U of M Wins $5M contract for Aquifer Research

Posted By on Fri, Nov 2, 2018 at 9:00 AM

click to enlarge Groundwater discharge from an aquifer test at the Tennessee Valley Authority Allen Combined Cycle Plant in October. - USGS
  • USGS
  • Groundwater discharge from an aquifer test at the Tennessee Valley Authority Allen Combined Cycle Plant in October.

University of Memphis researchers will examine water quality issues related to the Memphis Sand Aquifer over the next five years with a new $5 million contract from Memphis Light, Gas & Water (MLGW).

A U of M news release says MLGW "has grown increasingly concerned over water quality impacts to our sole source of drinking water, the Memphis aquifer. Above the Memphis Aquifer is a protective clay layer which shields our drinking water from pollution, but gaps, or 'breaches' in the clay have been discovered."

click to enlarge A diagram shows the layer of aquifers underneath Memphis. - COREY OWENS/GREATER MEMPHIS CHAMBER
  • Corey Owens/Greater Memphis Chamber
  • A diagram shows the layer of aquifers underneath Memphis.

The contact will go, specifically, to the university's Center for Applied Earth Science and Engineering Research (CAESER). That group will be tasked "with finding more breaches in our clay layer, subsurface mapping of the aquifer, and determining how water use patterns impact groundwater contamination around the breaches. These gaps in the clay layer exist naturally and cannot be filled due to their size and depth below ground."

"These breaches pose a risk to the excellent water quality of the Memphis aquifer whereby contaminants are able to bypass the protective nature of the confining clay and enter the aquifer," said Dr. Brian Waldron, director of CAESER. "Over the next five years, we will bring the brightest student minds from around the world to the University of Memphis to tackle the problems we face."

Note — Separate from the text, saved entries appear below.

lemma (in prob_space) expectation_sq_diff_indep:
  fixes a b :: "'a \<Rightarrow> real"
  assumes ind: "indep_var borel a borel b"
    and a2: "integrable M (\<lambda>\<omega>. (a \<omega>)^2)" and b2: "integrable M (\<lambda>\<omega>. (b \<omega>)^2)"
  shows "integrable M (\<lambda>\<omega>. (a \<omega> - b \<omega>)^2)"
    and "expectation (\<lambda>\<omega>. (a \<omega> - b \<omega>)^2)
      = variance a + variance b + (expectation a - expectation b)^2"
proof -
  have a1: "integrable M a"
    using square_integrable_imp_integrable[OF indep_var_rv1[OF ind] a2] .
  have b1: "integrable M b"
    using square_integrable_imp_integrable[OF indep_var_rv2[OF ind] b2] .
  have ab: "integrable M (\<lambda>\<omega>. a \<omega> * b \<omega>)"
    by (rule indep_var_integrable[OF ind a1 b1])
  have sq: "(\<lambda>\<omega>. (a \<omega> - b \<omega>)^2) = (\<lambda>\<omega>. (a \<omega>)^2 + (b \<omega>)^2 - 2 * (a \<omega> * b \<omega>))"
    by (simp add: fun_eq_iff power2_diff)
  show "integrable M (\<lambda>\<omega>. (a \<omega> - b \<omega>)^2)"
    unfolding sq using a2 b2 ab by auto
  have "expectation (\<lambda>\<omega>. (a \<omega> - b \<omega>)^2)
      = expectation (\<lambda>\<omega>. (a \<omega>)^2) + expectation (\<lambda>\<omega>. (b \<omega>)^2) - 2 * (expectation a * expectation b)"
    unfolding sq using a2 b2 ab by (simp add: indep_var_lebesgue_integral[OF ind a1 b1])
  then show "expectation (\<lambda>\<omega>. (a \<omega> - b \<omega>)^2)
      = variance a + variance b + (expectation a - expectation b)^2"
    using variance_eq[OF a1 a2] variance_eq[OF b1 b2] by (simp add: power2_diff)
qed

lemma (in prob_space) expectation_sqdist_indep:
  assumes ind: "indep_var (vec_space d) A (vec_space d) B"
    and A2: "\<And>k. k < d \<Longrightarrow> integrable (distr M (vec_space d) A) (\<lambda>x. (x k)^2)"
    and B2: "\<And>k. k < d \<Longrightarrow> integrable (distr M (vec_space d) B) (\<lambda>x. (x k)^2)"
  shows "expectation (\<lambda>\<omega>. sqdist d (A \<omega>) (B \<omega>))
    = trace_cov d (distr M (vec_space d) A) + trace_cov d (distr M (vec_space d) B)
      + (\<Sum>k<d. (mean_vec (distr M (vec_space d) A) k - mean_vec (distr M (vec_space d) B) k)^2)"
proof -
  let ?FA = "distr M (vec_space d) A" and ?FB = "distr M (vec_space d) B"
  have A: "random_variable (vec_space d) A" and B: "random_variable (vec_space d) B"
    using indep_var_rv1[OF ind] indep_var_rv2[OF ind] .
  have coord: "integrable M (\<lambda>\<omega>. (A \<omega> k - B \<omega> k)^2)
      \<and> expectation (\<lambda>\<omega>. (A \<omega> k - B \<omega> k)^2)
        = (\<integral>x. (x k - mean_vec ?FA k)^2 \<partial>?FA) + (\<integral>x. (x k - mean_vec ?FB k)^2 \<partial>?FB)
          + (mean_vec ?FA k - mean_vec ?FB k)^2" if "k < d" for k
  proof -
    note coord_meas = vec_space_component_measurable[OF that]
    have ind_k: "indep_var borel (\<lambda>\<omega>. A \<omega> k) borel (\<lambda>\<omega>. B \<omega> k)"
      using indep_var_compose[OF ind coord_meas coord_meas] by (simp add: comp_def)
    have sq_int: "integrable M (\<lambda>\<omega>. (A \<omega> k)^2)" "integrable M (\<lambda>\<omega>. (B \<omega> k)^2)"
      using A2[OF that] B2[OF that] coord_meas
      by (simp_all add: integrable_distr_eq[OF A] integrable_distr_eq[OF B])
    note diff = expectation_sq_diff_indep[OF ind_k sq_int]
    have law_A: "(\<integral>\<omega>. f (A \<omega>) \<partial>M) = integral\<^sup>L ?FA f"
      and law_B: "(\<integral>\<omega>. f (B \<omega>) \<partial>M) = integral\<^sup>L ?FB f"
      if "f \<in> borel_measurable (vec_space d)" for f :: "_ \<Rightarrow> real"
      using integral_distr[OF A that] integral_distr[OF B that] by simp_all
    have sq_meas: "(\<lambda>x. (x k - c)^2) \<in> borel_measurable (vec_space d)" for c
      using that by measurable
    show ?thesis
      using diff law_A[OF coord_meas] law_B[OF coord_meas] law_A[OF sq_meas] law_B[OF sq_meas]
      by (simp add: mean_vec_def)
  qed
  have "expectation (\<lambda>\<omega>. sqdist d (A \<omega>) (B \<omega>)) = (\<Sum>k<d. expectation (\<lambda>\<omega>. (A \<omega> k - B \<omega> k)^2))"
    unfolding sqdist_def using coord by (simp add: integral_sum)
  also have "\<dots> = trace_cov d ?FA + trace_cov d ?FB + (\<Sum>k<d. (mean_vec ?FA k - mean_vec ?FB k)^2)"
    using coord by (simp add: trace_cov_def sum.distrib)
  finally show ?thesis .
qed
lemma jones_beta_cball_ge:
  assumes "x1 \<in> E \<inter> cball y \<rho>" "x2 \<in> E \<inter> cball y \<rho>" "x3 \<in> E \<inter> cball y \<rho>" "0 < \<rho>"
    and "norm (x2 - x1) + norm (x3 - x1) \<le> P" "0 < P"
  shows "\<bar>det2 (x2 - x1) (x3 - x1)\<bar> / (4 * P * \<rho>) \<le> jones_beta E (cball y \<rho>)"
proof -
  define Q where "Q = cball y \<rho>"
  define D where "D = \<bar>det2 (x2 - x1) (x3 - x1)\<bar>"
  have "D / (2 * P) \<le> (SUP x \<in> E \<inter> Q. infdist x L)" if L: "is_line L" for L
  proof -
    obtain a v where Lav: "L = {a + t *\<^sub>R v | t. True}" using L unfolding is_line_def by auto
    have "a \<in> L" unfolding Lav by (auto intro: exI[of _ 0])
    then have "infdist x L \<le> \<rho> + dist y a" if "x \<in> E \<inter> Q" for x
      using that infdist_le[of a L x] dist_triangle[of x a y] unfolding Q_def
      by (simp add: dist_commute)
    then have bdd: "bdd_above ((\<lambda>x. infdist x L) ` (E \<inter> Q))" by (rule bdd_aboveI2)
    define M where "M = (SUP x \<in> E \<inter> Q. infdist x L)"
    have M: "infdist x L \<le> M" if "x \<in> E \<inter> Q" for x
      unfolding M_def using bdd that by (rule cSUP_upper2) simp
    have "D \<le> 2 * M * (norm (x2 - x1) + norm (x3 - x1))"
      unfolding D_def using abs_det2_le_near_line[OF L M M M] assms(1-3) unfolding Q_def by blast
    also have "\<dots> \<le> 2 * M * P"
      using assms(5) M[of x1] infdist_nonneg[of x1 L] assms(1) unfolding Q_def
      by (intro mult_left_mono) auto
    finally show ?thesis unfolding M_def using assms(6) by (simp add: divide_le_eq mult_ac)
  qed
  moreover have "{L. is_line L} \<noteq> {}"
    unfolding is_line_def by (auto intro!: exI[of _ "axis 1 1"] simp: axis_eq_0_iff)
  ultimately have "D / (2 * P) \<le> (INF L \<in> {L. is_line L}. (SUP x \<in> E \<inter> Q. infdist x L))"
    by (intro cINF_greatest) auto
  then have "D / (2 * P) / (2 * \<rho>)
      \<le> (INF L \<in> {L. is_line L}. (SUP x \<in> E \<inter> Q. infdist x L)) / (2 * \<rho>)"
    by (rule divide_right_mono) (use assms(4) in simp)
  moreover have "E \<inter> Q \<noteq> {}" "diameter Q = 2 * \<rho>"
    using assms(1,4) unfolding Q_def by auto
  ultimately show ?thesis unfolding jones_beta_def Q_def D_def by (simp add: mult_ac)
qed

section \<open>The graph and its length\<close>

lemma hausdorff1_le_of_finite_covers:
  assumes "\<And>\<delta>. 0 < \<delta> \<Longrightarrow> \<exists>U (N :: nat). E \<subseteq> (\<Union>i<N. U i) \<and>
             (\<forall>i<N. bounded (U i) \<and> diameter (U i) \<le> \<delta>) \<and> (\<Sum>i<N. diameter (U i)) \<le> C"
  shows "hausdorff1 E \<le> ennreal C"
  unfolding hausdorff1_def
proof (rule SUP_least)
  fix \<delta> :: real assume "\<delta> \<in> {0<..}"
  then obtain U and N :: nat where cov: "E \<subseteq> (\<Union>i<N. U i)"
    and U: "\<forall>i<N. bounded (U i) \<and> diameter (U i) \<le> \<delta>" and sum: "(\<Sum>i<N. diameter (U i)) \<le> C"
    using assms[of \<delta>] by auto
  define V where "V i = (if i < N then U i else {})" for i
  have "E \<subseteq> (\<Union>i. V i)" using cov by (auto simp: V_def)
  moreover have "bounded (V i) \<and> diameter (V i) \<le> \<delta>" for i
    using U \<open>\<delta> \<in> {0<..}\<close> by (simp add: V_def)
  ultimately have "hausdorff_pre1 \<delta> E \<le> (\<Sum>i. ennreal (diameter (V i)))"
    unfolding hausdorff_pre1_def by (intro INF_lower) simp
  also have "\<dots> = (\<Sum>i<N. ennreal (diameter (U i)))"
    by (subst suminf_finite[of "{..<N}"]) (auto simp: V_def)
  also have "\<dots> = ennreal (\<Sum>i<N. diameter (U i))"
    using U by (intro sum_ennreal) (simp add: diameter_ge_0)
  also have "\<dots> \<le> ennreal C" using sum by (rule ennreal_leI)
  finally show "hausdorff_pre1 \<delta> E \<le> ennreal C" .
qed

definition takagi_graph :: "real \<Rightarrow> plane" where
  "takagi_graph t = vector [t, takagi t]"

lemma takagi_graph_nth [simp]: "takagi_graph t $ 1 = t" "takagi_graph t $ 2 = takagi t"
  unfolding takagi_graph_def by simp_all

click to enlarge U of M’s Scott Schoefernacker
  • U of M’s Scott Schoefernacker

The $5-million contact and university dollars will allow CAESER to support at least 30 graduate students to investigate breaches within the MLGW water service area The grant does not cover Germantown, Cordova, Collierville, or Bartlett, although the breaches could continue into those service areas. CAESER hopes to "expand current contracts to address the issues."

The new contact is thanks, largely, to a Memphis-City-Council-approved water rate hike of 1.05 percent on MLGW bills, which comes out to roughly 18 cents per month.